Странно было наблюдать со стороны за перебранкой заслуженного генерала и простого солдата. Но что поделать, если еще недавно этот солдат был капитаном лейб-гвардии конно-пионерного эскадрона, образцовым офицером? Его ждала, надо думать, блестящая карьера, но тут-то и попутал лукавый – подался капитан вслед за старшим братом Иваном в заговорщики. Иван Пущин, близкий друг Кондратия, был одним из главных действующих лиц заговора, за что и записал его Государь в совершенные злодеи. Михаил, впрочем, до конца вслед за братом не пошел и в день восстания не повел своих пионеров на Сенатскую, оставшись дома, несмотря на все уговоры.
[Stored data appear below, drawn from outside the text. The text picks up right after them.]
(* For all integers $v\geq 1$ and $L\geq 0$, \[ \sum_{n_1,\ldots,n_v\geq 0} \frac{q^{\sum_{i=1}^v N_i(N_i+1)+n_v}}{(q)_{n_1}\cdots(q)_{n_{v-1}}(q)_{1+2n_v}}\,\frac{(-1;q^3)_{n_v}}{(-1;q)_{n_v}}\,\frac{(q)_{2L+1}}{(q)_{L-N_1}}\,(1+q-q^{1+n_v}) =\sum_{j=-\infty}^{\infty}\left(\frac{j}{3}\right) q^{\frac{(2v+1)j^2-(2v+3)j}{2}+1} {2L+1 \brack L+j}_q, \] where $N_i=n_i+n_{i+1}+\cdots+n_v$ for $i=1,\ldots,v$ (for $v=1$ the product $(q)_{n_1}\cdots(q)_{n_{v-1}}$ is empty).
   Context: For a variable $a$ and integer $n\ge 0$, $(a;q)_n=(1-a)(1-aq)\cdots(1-aq^{n-1})$, and $(q)_n=(q;q)_n$; by convention $1/(q)_n=0$ for negative integers $n$. The $q$-binomial coefficient is ${A \brack B}_q=\frac{(q;q)_A}{(q;q)_B(q;q)_{A-B}}$ if $0\le B\le A$ are integers, and $0$ otherwise. $\left(\frac{j}{3}\right)$ is the Legendre symbol modulo 3: it equals $1$ if $j\equiv 1 \pmod 3$, $-1$ if $j\equiv -1\pmod 3$, and $0$ if $3\mid j$. *)

theory Defs
  imports "HOL-Analysis.Analysis" "HOL-Number_Theory.Number_Theory"
begin

definition qpoch :: "complex \<Rightarrow> complex \<Rightarrow> nat \<Rightarrow> complex" where
  "qpoch a q n = (\<Prod>k<n. (1 - a * q ^ k))"

definition qfact :: "complex \<Rightarrow> nat \<Rightarrow> complex" where
  "qfact q n = qpoch q q n"

definition inv_qfact :: "complex \<Rightarrow> int \<Rightarrow> complex" where
  "inv_qfact q m = (if m < 0 then 0 else 1 / qfact q (nat m))"

definition qbinom :: "complex \<Rightarrow> int \<Rightarrow> int \<Rightarrow> complex" where
  "qbinom q A B = (if 0 \<le> B \<and> B \<le> A
      then qfact q (nat A) / (qfact q (nat B) * qfact q (nat (A - B))) else 0)"

end

(*
  Pairing the terms j = r + 1 and j = -r of the right-hand side exhibits it as (q)_{2L+1} times
  beta^(v)_L, where (alpha^(v), beta^(v)) is the Bailey pair relative to a = q obtained from a seed
  pair (alpha, beta) by v applications of Bailey's lemma; then alpha^(v)_r = q^{v r(r+1)} alpha_r.

  The seed beta_K = q^K (1 + q - q^{K+1}) (-1;q^3)_K / ((-1;q)_K (q)_{2K+1}) comes from the sums
  S_t(m) = sum_j chi(j + t) q^{j(j-1)/2} [2m; m+j], chi the Legendre symbol mod 3: the two q-Pascal
  rules give a recurrence in m that closes up because chi has period 3, and its solution is
  (-1;q^3)_m / (-1;q)_m times a factor that depends on t only through t mod 3.

  Each Bailey step beta'_M = sum_K q^{K(K+1)} beta_K / (q)_{M-K} introduces one summation variable;
  unwinding the v steps that produce beta^(v)_L gives the multisum on the left, with N_1, ..., N_v
  the successive values of M and n_i = N_i - N_{i+1}.  Bailey's lemma itself reduces to
  sum_k q^{k(k+c)} [n;k] / (q)_{k+c} = 1 / (q)_{n+c}, which follows from q-Pascal by induction on n.
*)

theory Submission
  imports Defs
begin

section \<open>q-factorials and q-binomial coefficients\<close>

lemma norm_power_less_one:
  fixes q :: complex
  assumes "norm q < 1" and "n > 0"
  shows "norm (q ^ n) < 1"
  using assms by (simp add: norm_power power_less_one_iff)

lemma qfact_0 [simp]: "qfact q 0 = 1"
  by (simp add: qfact_def qpoch_def)

lemma qfact_Suc: "qfact q (Suc n) = qfact q n * (1 - q ^ Suc n)"
  by (simp add: qfact_def qpoch_def)

lemma qfact_nonzero:
  assumes "norm q < 1"
  shows "qfact q n \<noteq> 0"
proof (induction n)
  case (Suc n)
  have "q ^ Suc n \<noteq> 1"
    using norm_power_less_one[OF assms, of "Suc n"] by auto
  with Suc show ?case by (simp add: qfact_Suc)
qed simp

lemma qpoch_minus_one_nonzero:
  fixes q :: complex
  assumes "norm q < 1"
  shows "qpoch (-1) q m \<noteq> 0"
proof -
  have "1 + q ^ k \<noteq> 0" for k
  proof (cases k)
    case (Suc n)
    then have "q ^ k \<noteq> -1"
      using norm_power_less_one[OF assms, of k] by auto
    then show ?thesis
      by (metis add_eq_0_iff)
  qed simp
  then show ?thesis
    by (simp add: qpoch_def)
qed

lemma qbinom_eq_0: "B < 0 \<or> A < B \<Longrightarrow> qbinom q A B = 0"
  by (auto simp: qbinom_def)

lemma qbinom_nonzero_imp_bounds: "qbinom q A B \<noteq> 0 \<Longrightarrow> 0 \<le> B \<and> B \<le> A"
  by (auto simp: qbinom_def split: if_splits)
lemma card_le_twice_card_squares: "CARD('k::{field,finite}) \<le> 2 * card (range (\<lambda>x::'k. x^2))"
proof -
  have "(UNIV::'k set) = (\<Union>s\<in>range (\<lambda>x::'k. x^2). {x. x^2 = s})"
    by auto
  then have "CARD('k) \<le> (\<Sum>s\<in>range (\<lambda>x::'k. x^2). card {x. x^2 = s})"
    by (metis card_UN_le finite)
  also have "\<dots> \<le> (\<Sum>s\<in>range (\<lambda>x::'k. x^2). 2)"
  proof (rule sum_mono)
    fix s assume "s \<in> range (\<lambda>x::'k. x^2)"
    then obtain r where "s = r^2"
      by auto
    then have "{x. x^2 = s} \<subseteq> {r, -r}"
      by (auto simp: power2_eq_iff)
    then have "card {x. x^2 = s} \<le> card {r, -r}"
      by (intro card_mono) auto
    also have "\<dots> \<le> 2"
      by (simp add: card_insert_if)
    finally show "card {x. x^2 = s} \<le> 2" .
  qed
  finally show ?thesis
    by simp
qed

text \<open>Pigeonhole: the values of a x^2 and those of c - b y^2 form two sets of more than q/2
  elements each.\<close>
lemma binary_diagonal_form_universal:
  fixes a b c :: "'k::{field,finite}"
  assumes "odd CARD('k)" and "a \<noteq> 0" and "b \<noteq> 0"
  shows "\<exists>x y. a * x^2 + b * y^2 = c"
proof (rule ccontr)
  assume no_solution: "\<not> ?thesis"
  let ?S = "range (\<lambda>x::'k. x^2)"
  have "card ((\<lambda>s. a * s) ` ?S) = card ?S" "card ((\<lambda>s. c - b * s) ` ?S) = card ?S"
    using assms by (auto intro!: card_image simp: inj_on_def)
  moreover have "(\<lambda>s. a * s) ` ?S \<inter> (\<lambda>s. c - b * s) ` ?S = {}"
    using no_solution by (auto simp: eq_diff_eq)
  ultimately have "card ((\<lambda>s. a * s) ` ?S \<union> (\<lambda>s. c - b * s) ` ?S) = 2 * card ?S"
    by (simp add: card_Un_disjoint)
  moreover have "card ((\<lambda>s. a * s) ` ?S \<union> (\<lambda>s. c - b * s) ` ?S) \<le> CARD('k)"
    by (rule card_mono) auto
  ultimately show False
    using card_le_twice_card_squares[where 'k='k] assms(1) by presburger
qed
(* Consider a finite tabular MDP with a unique optimal policy $\pi^*$ in which $d_\rho^\pi(s)\ge d_{\min}>0$ for all states $s$ and all full-support policies $\pi$. Let $\pi_t$ be generated by the discrete EG update $\pi_{t+1}(a|s)=\pi_t(a|s)e^{\eta[U^t_a(s)]_+}/Z^t_s$ with a sufficiently small constant step size $\eta>0$ (as required for $\pi_t\to\pi^*$). Then $\delta_t:=V^*-V(\pi_t)$ satisfies $\delta_t=O(1/t)$.
   Context: A finite MDP $(\mathcal S,\mathcal A,P,r,\gamma,\rho)$ with $r(s,a)\in[0,1]$, $\gamma\in[0,1)$; tabular softmax policies $\pi_\theta(a|s)=e^{\theta(s,a)}/\sum_{a'}e^{\theta(s,a')}$. $V^\pi,Q^\pi$ are the discounted state- and action-value functions, $V(\pi)=\mathbb{E}_{s\sim\rho}V^\pi(s)$, $V^*=V(\pi^* )$, $d_\rho^\pi(s)=(1-\gamma)\sum_{t\ge0}\gamma^t\Pr(s_t=s\mid\rho,\pi)$. $U^t_a(s):=Q^{\pi_t}(s,a)-V^{\pi_t}(s)$, $[x]_+=\max(x,0)$, $Z^t_s:=\sum_{a'}\pi_t(a'|s)e^{\eta[U^t_{a'}(s)]_+}$. *)

theory Defs
  imports Complex_Main "HOL-Library.Landau_Symbols"
begin

definition is_distr :: "('b::finite \<Rightarrow> real) \<Rightarrow> bool" where
  "is_distr p \<longleftrightarrow> (\<forall>x. p x \<ge> 0) \<and> sum p UNIV = 1"

definition is_policy :: "('s::finite \<Rightarrow> 'a::finite \<Rightarrow> real) \<Rightarrow> bool" where
  "is_policy pol \<longleftrightarrow> (\<forall>s. is_distr (pol s))"

definition full_support :: "('s::finite \<Rightarrow> 'a::finite \<Rightarrow> real) \<Rightarrow> bool" where
  "full_support pol \<longleftrightarrow> is_policy pol \<and> (\<forall>s a. pol s a > 0)"

definition is_mdp :: "('s::finite \<Rightarrow> 'a::finite \<Rightarrow> 's \<Rightarrow> real) \<Rightarrow> ('s \<Rightarrow> 'a \<Rightarrow> real)
    \<Rightarrow> real \<Rightarrow> ('s \<Rightarrow> real) \<Rightarrow> bool" where
  "is_mdp P r gam rho \<longleftrightarrow> (\<forall>s a. is_distr (P s a)) \<and> (\<forall>s a. 0 \<le> r s a \<and> r s a \<le> 1)
     \<and> 0 \<le> gam \<and> gam < 1 \<and> is_distr rho"

primrec state_dist :: "('s::finite \<Rightarrow> 'a::finite \<Rightarrow> 's \<Rightarrow> real) \<Rightarrow> ('s \<Rightarrow> 'a \<Rightarrow> real)
    \<Rightarrow> ('s \<Rightarrow> real) \<Rightarrow> nat \<Rightarrow> 's \<Rightarrow> real" where
  "state_dist P pol mu 0 = mu"
| "state_dist P pol mu (Suc t) =
     (\<lambda>s'. \<Sum>s\<in>UNIV. state_dist P pol mu t s * (\<Sum>a\<in>UNIV. pol s a * P s a s'))"
(* Fix a maturity $t$ and an underlying security. For each strike $K\ge 0$ let $C(K)$ and $P(K)$ denote the prices of the European call and put of strike $K$ and maturity $t$, and let $F$ be the tradable forward price for delivery at $t$. Assume put-call parity holds for every strike: $C(K)-P(K)+K=F$ for all $K\ge 0$. Assume calls and puts are valued by expectation of terminal payoff, i.e. there exist Borel probability measures $\mu_1,\mu_2$ on $\Omega=[0,\infty)$ with finite first moment such that $C(K)=\int_\Omega (S-K)^+\,\mathrm{d}\mu_1(S)$ and $P(K)=\int_\Omega (K-S)^+\,\mathrm{d}\mu_2(S)$ for all $K\ge 0$. Then there is a unique Borel probability measure $\mu_Q$ on $\Omega$ that prices both all European calls and all European puts of maturity $t$ by expectation of terminal payoff, i.e. $C(K)=\int_\Omega (S-K)^+\,\mathrm{d}\mu_Q(S)$ and $P(K)=\int_\Omega (K-S)^+\,\mathrm{d}\mu_Q(S)$ for every $K\ge 0$.
   Context: $\Omega=[0,\infty)$ is the set of possible values $S=S_t$ of the underlying at maturity $t$. Option prices and the forward price are expressed in units payable at maturity (undiscounted), so that put-call parity reads $C(K)-P(K)+K=F$. The forward is assumed to exist and be tradable; it may be the arbitrage (risk-neutral) forward $S_0e^{(r-\delta)(t-t_0)}$ or any other tradable forward price. *)

theory Defs
  imports "HOL-Probability.Probability"
begin

definition borel_prob_Omega :: "real measure \<Rightarrow> bool" where
  "borel_prob_Omega M \<longleftrightarrow> sets M = sets (restrict_space borel {0..}) \<and> prob_space M"

definition finite_first_moment :: "real measure \<Rightarrow> bool" where
  "finite_first_moment M \<longleftrightarrow> integrable M (\<lambda>S. S)"

definition prices_calls :: "real measure \<Rightarrow> (real \<Rightarrow> real) \<Rightarrow> bool" where
  "prices_calls M C \<longleftrightarrow> (\<forall>K\<ge>0. has_bochner_integral M (\<lambda>S. max (S - K) 0) (C K))"

definition prices_puts :: "real measure \<Rightarrow> (real \<Rightarrow> real) \<Rightarrow> bool" where
  "prices_puts M P \<longleftrightarrow> (\<forall>K\<ge>0. has_bochner_integral M (\<lambda>S. max (K - S) 0) (P K))"

end

theory Submission
  imports Defs
begin

text \<open>Existence: under \<mu>1 the put payoff is the call payoff minus S plus K, and parity with
the strike-zero prices C 0 = E[S], P 0 = 0 identifies F with E[S], so \<mu>1 also prices every put.
Uniqueness: the right difference quotients (P (K + h) - P K) / h are the expectations of
piecewise linear functions, bounded by 1, that converge to the indicator of [0, K]; by dominated
convergence the put prices determine the distribution function of the pricing measure, and hence
the measure itself.\<close>

lemma borel_prob_Omega_space:
  assumes "borel_prob_Omega M" shows "space M = {0..}"
proof -
  have "sets M = sets (restrict_space borel {0..})"
    using assms unfolding borel_prob_Omega_def by simp
  then have "space M = space (restrict_space borel {0..})"
    by (rule sets_eq_imp_space_eq)
  then show ?thesis by (simp add: space_restrict_space)
qed

lemma borel_prob_Omega_measurable:
  "borel_prob_Omega M \<Longrightarrow> (f :: real \<Rightarrow> real) \<in> borel_measurable borel \<Longrightarrow> f \<in> borel_measurable M"
  unfolding borel_prob_Omega_def
  using measurable_cong_sets[of M "restrict_space borel {0..}" borel borel]
  by (metis measurable_restrict_space1)

lemma borel_prob_Omega_sets_iff:
  "borel_prob_Omega M \<Longrightarrow> A \<in> sets M \<longleftrightarrow> A \<in> sets borel \<and> A \<subseteq> {0..}"
  unfolding borel_prob_Omega_def by (auto simp: sets_restrict_space_iff)

lemma prices_calls_zero_strike:
  assumes "borel_prob_Omega M" "prices_calls M C"
  shows "has_bochner_integral M (\<lambda>S. S) (C 0)"
proof -
  have "has_bochner_integral M (\<lambda>S. max (S - 0) 0) (C 0)"
    using assms(2) order_refl unfolding prices_calls_def by blast
  then show ?thesis
    by (rule has_bochner_integral_cong[THEN iffD1, rotated 3])
       (auto simp: borel_prob_Omega_space[OF assms(1)])
qed

lemma prices_puts_zero_strike:
  assumes "borel_prob_Omega M" "prices_puts M P"
  shows "P 0 = 0"
proof -
  have "has_bochner_integral M (\<lambda>S. max (0 - S) 0) (P 0)"
    using assms(2) order_refl unfolding prices_puts_def by blast
  then have "has_bochner_integral M (\<lambda>S. 0) (P 0)"
    by (rule has_bochner_integral_cong[THEN iffD1, rotated 3])
       (auto simp: borel_prob_Omega_space[OF assms(1)])
  then show ?thesis using has_bochner_integral_zero has_bochner_integral_eq by blast
qed

lemma prices_puts_by_parity:
  assumes "prob_space M" "prices_calls M C" "integrable M (\<lambda>S. S)"
    and parity: "\<forall>K\<ge>0. P K = C K + K - integral\<^sup>L M (\<lambda>S. S)"
  shows "prices_puts M P"
  unfolding prices_puts_def
proof (intro allI impI)
  interpret prob_space M by fact
  fix K :: real assume "K \<ge> 0"
  have "has_bochner_integral M (\<lambda>_. K) K"
    using has_bochner_integral_integrable[of M "\<lambda>_. K"] by (simp add: prob_space)
  then have integral: "has_bochner_integral M (\<lambda>S. max (S - K) 0 - S + K)
      (C K - integral\<^sup>L M (\<lambda>S. S) + K)"
    using assms(2,3) \<open>K \<ge> 0\<close> unfolding prices_calls_def
    by (intro has_bochner_integral_add has_bochner_integral_diff has_bochner_integral_integrable)
       auto
  have "(\<lambda>S. max (K - S) 0) = (\<lambda>S. max (S - K) 0 - S + K)"
    by (auto simp: max_def)
  moreover have "P K = C K - integral\<^sup>L M (\<lambda>S. S) + K"
    using parity \<open>K \<ge> 0\<close> by simp
  ultimately show "has_bochner_integral M (\<lambda>S. max (K - S) 0) (P K)"
    using integral by (simp only:)
qed

lemma put_payoff_quotient_bounds:
  fixes K h x :: real
  assumes "0 < h"
  shows "0 \<le> (max (K + h - x) 0 - max (K - x) 0) / h"
    and "(max (K + h - x) 0 - max (K - x) 0) / h \<le> 1"
  using assms by (auto simp: max_def field_simps)

lemma put_payoff_quotient_tendsto:
  fixes K x :: real
  shows "(\<lambda>n. (max (K + 1 / Suc n - x) 0 - max (K - x) 0) / (1 / Suc n))
           \<longlonglongrightarrow> indicator {..K} x"
proof (cases "x \<le> K")
  case True
  have "(max (K + 1 / Suc n - x) 0 - max (K - x) 0) / (1 / Suc n) = 1" for n
  proof -
    have "0 < 1 / real (Suc n)" by simp
    then have "max (K + 1 / Suc n - x) 0 = K + 1 / Suc n - x" "max (K - x) 0 = K - x"
      using True by (simp_all only: max_absorb1 add_increasing2 order.strict_implies_order
          diff_ge_0_iff_ge)
    then show ?thesis by simp
  qed
  then show ?thesis using True by simp
next
  case False
  obtain N :: nat where "1 / (x - K) < N" using reals_Archimedean2 by blast
  have "(max (K + 1 / Suc n - x) 0 - max (K - x) 0) / (1 / Suc n) = 0" if "n \<ge> N" for n
  proof -
    have "1 / (x - K) < Suc n" using \<open>1 / (x - K) < N\<close> that by linarith
    then have "1 / Suc n < x - K" using False by (simp add: field_simps)
    then show ?thesis using False by (simp add: max_def)
  qed
  then have "eventually (\<lambda>n. (max (K + 1 / Suc n - x) 0 - max (K - x) 0) / (1 / Suc n) = 0)
      sequentially"
    unfolding eventually_sequentially by blast
  then show ?thesis using False by (simp add: tendsto_eventually)
qed

lemma put_price_quotient_tendsto:
  assumes M: "borel_prob_Omega M" and P: "prices_puts M P" and "K \<ge> 0"
  shows "(\<lambda>n. (P (K + 1 / Suc n) - P K) / (1 / Suc n)) \<longlonglongrightarrow> measure M {0..K}"
proof -
  interpret prob_space M using M unfolding borel_prob_Omega_def by simp
  define q where "q n S = (max (K + 1 / Suc n - S) 0 - max (K - S) 0) / (1 / Suc n)" for n S
  have "has_bochner_integral M (q n) ((P (K + 1 / Suc n) - P K) / (1 / Suc n))" for n
    using P \<open>K \<ge> 0\<close> unfolding prices_puts_def q_def
    by (intro has_bochner_integral_divide_zero has_bochner_integral_diff) auto
  then have q_integral: "integral\<^sup>L M (q n) = (P (K + 1 / Suc n) - P K) / (1 / Suc n)" for n
    by (simp add: has_bochner_integral_integral_eq)
  have K_sets: "{0..K} \<in> sets M"
    using borel_prob_Omega_sets_iff[OF M] by auto
  have "(\<lambda>n. integral\<^sup>L M (q n)) \<longlonglongrightarrow> integral\<^sup>L M (indicator {0..K} :: real \<Rightarrow> real)"
  proof (rule integral_dominated_convergence[where w = "\<lambda>_. 1"])
    show "(indicator {0..K} :: real \<Rightarrow> real) \<in> borel_measurable M"
      using K_sets by measurable
    show "q n \<in> borel_measurable M" for n
      by (rule borel_prob_Omega_measurable[OF M]) (unfold q_def, measurable)
    show "AE S in M. norm (q n S) \<le> 1" for n
      using put_payoff_quotient_bounds[of "1 / Suc n" K] by (simp add: q_def)
    show "AE S in M. (\<lambda>n. q n S) \<longlonglongrightarrow> indicator {0..K} S"
    proof (rule AE_I2)
      fix S assume "S \<in> space M"
      then have "indicator {..K} S = (indicator {0..K} S :: real)"
        using borel_prob_Omega_space[OF M] by (auto simp: indicator_def)
      then show "(\<lambda>n. q n S) \<longlonglongrightarrow> indicator {0..K} S"
        using put_payoff_quotient_tendsto[of K S] unfolding q_def by simp
    qed
  qed simp
  then show ?thesis using K_sets by (simp add: q_integral)
qed

text \<open>The identity map pushes a measure on [0, \<infinity>) forward to a distribution on the whole
real line, where distribution functions determine the measure.\<close>

lemma borel_prob_Omega_id_measurable: "borel_prob_Omega M \<Longrightarrow> (\<lambda>x. x) \<in> borel_measurable M"
  using borel_prob_Omega_measurable[of M "\<lambda>x. x"] by simp

lemma borel_prob_Omega_emeasure_distr_id:
  assumes M: "borel_prob_Omega M" and A: "A \<in> sets M"
  shows "emeasure (distr M borel (\<lambda>x. x)) A = emeasure M A"
proof -
  have "A \<in> sets borel" "A \<inter> space M = A"
    using A borel_prob_Omega_sets_iff[OF M] borel_prob_Omega_space[OF M] by auto
  then show ?thesis
    using emeasure_distr[OF borel_prob_Omega_id_measurable[OF M]] by simp
qed

lemma borel_prob_Omega_cdf_distr_id:
  assumes M: "borel_prob_Omega M"
  shows "cdf (distr M borel (\<lambda>x. x)) x = (if x < 0 then 0 else measure M {0..x})"
proof -
  have "cdf (distr M borel (\<lambda>x. x)) x = measure M ({..x} \<inter> {0..})"
    unfolding cdf_def borel_prob_Omega_space[OF M, symmetric]
    using measure_distr[OF borel_prob_Omega_id_measurable[OF M], of "{..x}"] by simp
  moreover have "x < 0 \<Longrightarrow> {..x} \<inter> {0..} = {}" "\<not> x < 0 \<Longrightarrow> {..x} \<inter> {0..} = {0..x}"
    by auto
  ultimately show ?thesis by simp
qed

lemma borel_prob_Omega_real_distribution_distr_id:
  assumes M: "borel_prob_Omega M"
  shows "real_distribution (distr M borel (\<lambda>x. x))"
proof -
  interpret prob_space M using M unfolding borel_prob_Omega_def by simp
  show ?thesis
    unfolding real_distribution_def real_distribution_axioms_def
    using prob_space_distr[OF borel_prob_Omega_id_measurable[OF M]] by simp
qed

lemma borel_prob_Omega_eqI:
  assumes M: "borel_prob_Omega M" and N: "borel_prob_Omega N"
    and eq: "\<And>K. K \<ge> 0 \<Longrightarrow> measure M {0..K} = measure N {0..K}"
  shows "M = N"
proof -
  have distr_eq: "distr M borel (\<lambda>x. x) = distr N borel (\<lambda>x. x)"
  proof (rule cdf_unique[OF borel_prob_Omega_real_distribution_distr_id[OF M]
        borel_prob_Omega_real_distribution_distr_id[OF N]])
    show "cdf (distr M borel (\<lambda>x. x)) = cdf (distr N borel (\<lambda>x. x))"
      by (simp add: fun_eq_iff eq borel_prob_Omega_cdf_distr_id[OF M]
          borel_prob_Omega_cdf_distr_id[OF N])
  qed
  have sets_eq: "sets M = sets N"
    using M N unfolding borel_prob_Omega_def by simp
  show ?thesis
  proof (rule measure_eqI[OF sets_eq])
    fix A assume A: "A \<in> sets M"
    have "emeasure M A = emeasure (distr M borel (\<lambda>x. x)) A"
      using borel_prob_Omega_emeasure_distr_id[OF M A] by simp
    also have "\<dots> = emeasure N A"
      using borel_prob_Omega_emeasure_distr_id[OF N] A sets_eq by (simp add: distr_eq)
    finally show "emeasure M A = emeasure N A" .
  qed
qed

lemma prices_puts_unique:
  assumes "borel_prob_Omega M" "prices_puts M P" "borel_prob_Omega N" "prices_puts N P"
  shows "M = N"
proof (rule borel_prob_Omega_eqI[OF assms(1,3)])
  fix K :: real assume "K \<ge> 0"
  show "measure M {0..K} = measure N {0..K}"
    using LIMSEQ_unique put_price_quotient_tendsto assms \<open>K \<ge> 0\<close> by blast
qed

theorem theorem1:
  fixes C P :: "real \<Rightarrow> real" and F :: real and \<mu>1 \<mu>2 :: "real measure"
  assumes parity: "\<forall>K\<ge>0. C K - P K + K = F"
    and m1: "borel_prob_Omega \<mu>1" and fm1: "finite_first_moment \<mu>1"
    and m2: "borel_prob_Omega \<mu>2" and fm2: "finite_first_moment \<mu>2"
    and calls: "prices_calls \<mu>1 C"
    and puts: "prices_puts \<mu>2 P"
  shows "\<exists>!\<mu>Q. borel_prob_Omega \<mu>Q \<and> prices_calls \<mu>Q C \<and> prices_puts \<mu>Q P"
proof -
  have mean: "has_bochner_integral \<mu>1 (\<lambda>S. S) (C 0)"
    using prices_calls_zero_strike[OF m1 calls] .
  have "F = integral\<^sup>L \<mu>1 (\<lambda>S. S)"
    using parity prices_puts_zero_strike[OF m2 puts] has_bochner_integral_integral_eq[OF mean]
    by force
  then have puts1: "prices_puts \<mu>1 P"
    using m1 calls fm1 parity unfolding borel_prob_Omega_def finite_first_moment_def
    by (intro prices_puts_by_parity) (auto simp: algebra_simps)
  show ?thesis
    using m1 calls puts1 prices_puts_unique[OF _ _ m1 puts1] by blast
qed

end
Это, однако же, не спасло его от ссылки в Сибирь, откуда он вместе с Коновницыным с Высочайшего разрешения отправился рядовым на Кавказ. Оба они были с большой лаской приняты Ермоловым. Алексей Петрович напоил их чаем, расспросил о пребывании в Сибири, обнадежил относительно службы на Кавказе. Эта душевная беседа немало укрепила Михаила, и с той поры он вовсе перестал стыдиться своего солдатского мундира.
Служба же под началом Паскевича выдвинула его в число доверенных соратников графа. Самоотверженность и мужество Михаила не раз имели случай сполна проявиться, и его неукротимая энергия и находчивость скоро обратили на себя внимание Ивана Федоровича. Случилось это здесь же, под Эриванью, при первой осаде оной армией Паскевича. Находясь в составе блокадного корпуса, Пущин по вечерам тайно ходил в крепость, обрядившись в персидскую одежду. Таким образом он смог снять план укреплений и изучить окрестную местность так, что мог безошибочно судить об осадных работах. План этих работ Михаил категорически не мог понять, но и не смел судить строго, зная репутацию Трузсона, как лучшего инженера. Однако, когда вопрос об ней поставил перед ним сам Паскевич, Пущин ответил прямо, что намеченным планом осады крепости не взять.
- Но, - добавил он, - есть у меня свой план, изученный в два месяца стоянки под Эриванью, и отвечаю, что после восьмидневной осады крепость должна покориться, но только не в это время года, когда половина солдат после ночи, проведенной на работах, отправляется в госпиталь, где скоро не будет места больным. Поэтому, по моему мнению, следует снять осаду и уходить куда-нибудь в горы искать прохлады и отдыхать до осени.
И осада была снята… Чтобы возобновиться теперь, и дать Пущину претворить свой план в жизнь. А прежде успел Михаил еще раз отличиться под Аббас-Абадом. Там батареи, предложенные Пущиным, свободно громили крепость, а орудия, расставленные инженером Литовым не могли стрелять, поскольку неизбежно попали бы по своим. И тогда рассерженный Иван Федорович, отведя Литова в сторону, резко высказал:
- Я мог бы тебя сделать солдатом, но не хочу; а его, - кивнул он на Пущина, - я хотел бы произвести в полковники, но не могу. А вот что я могу: от сего числа не ты у меня начальник инженеров, а он, и все его распоряжения должны исполняться беспрекословно.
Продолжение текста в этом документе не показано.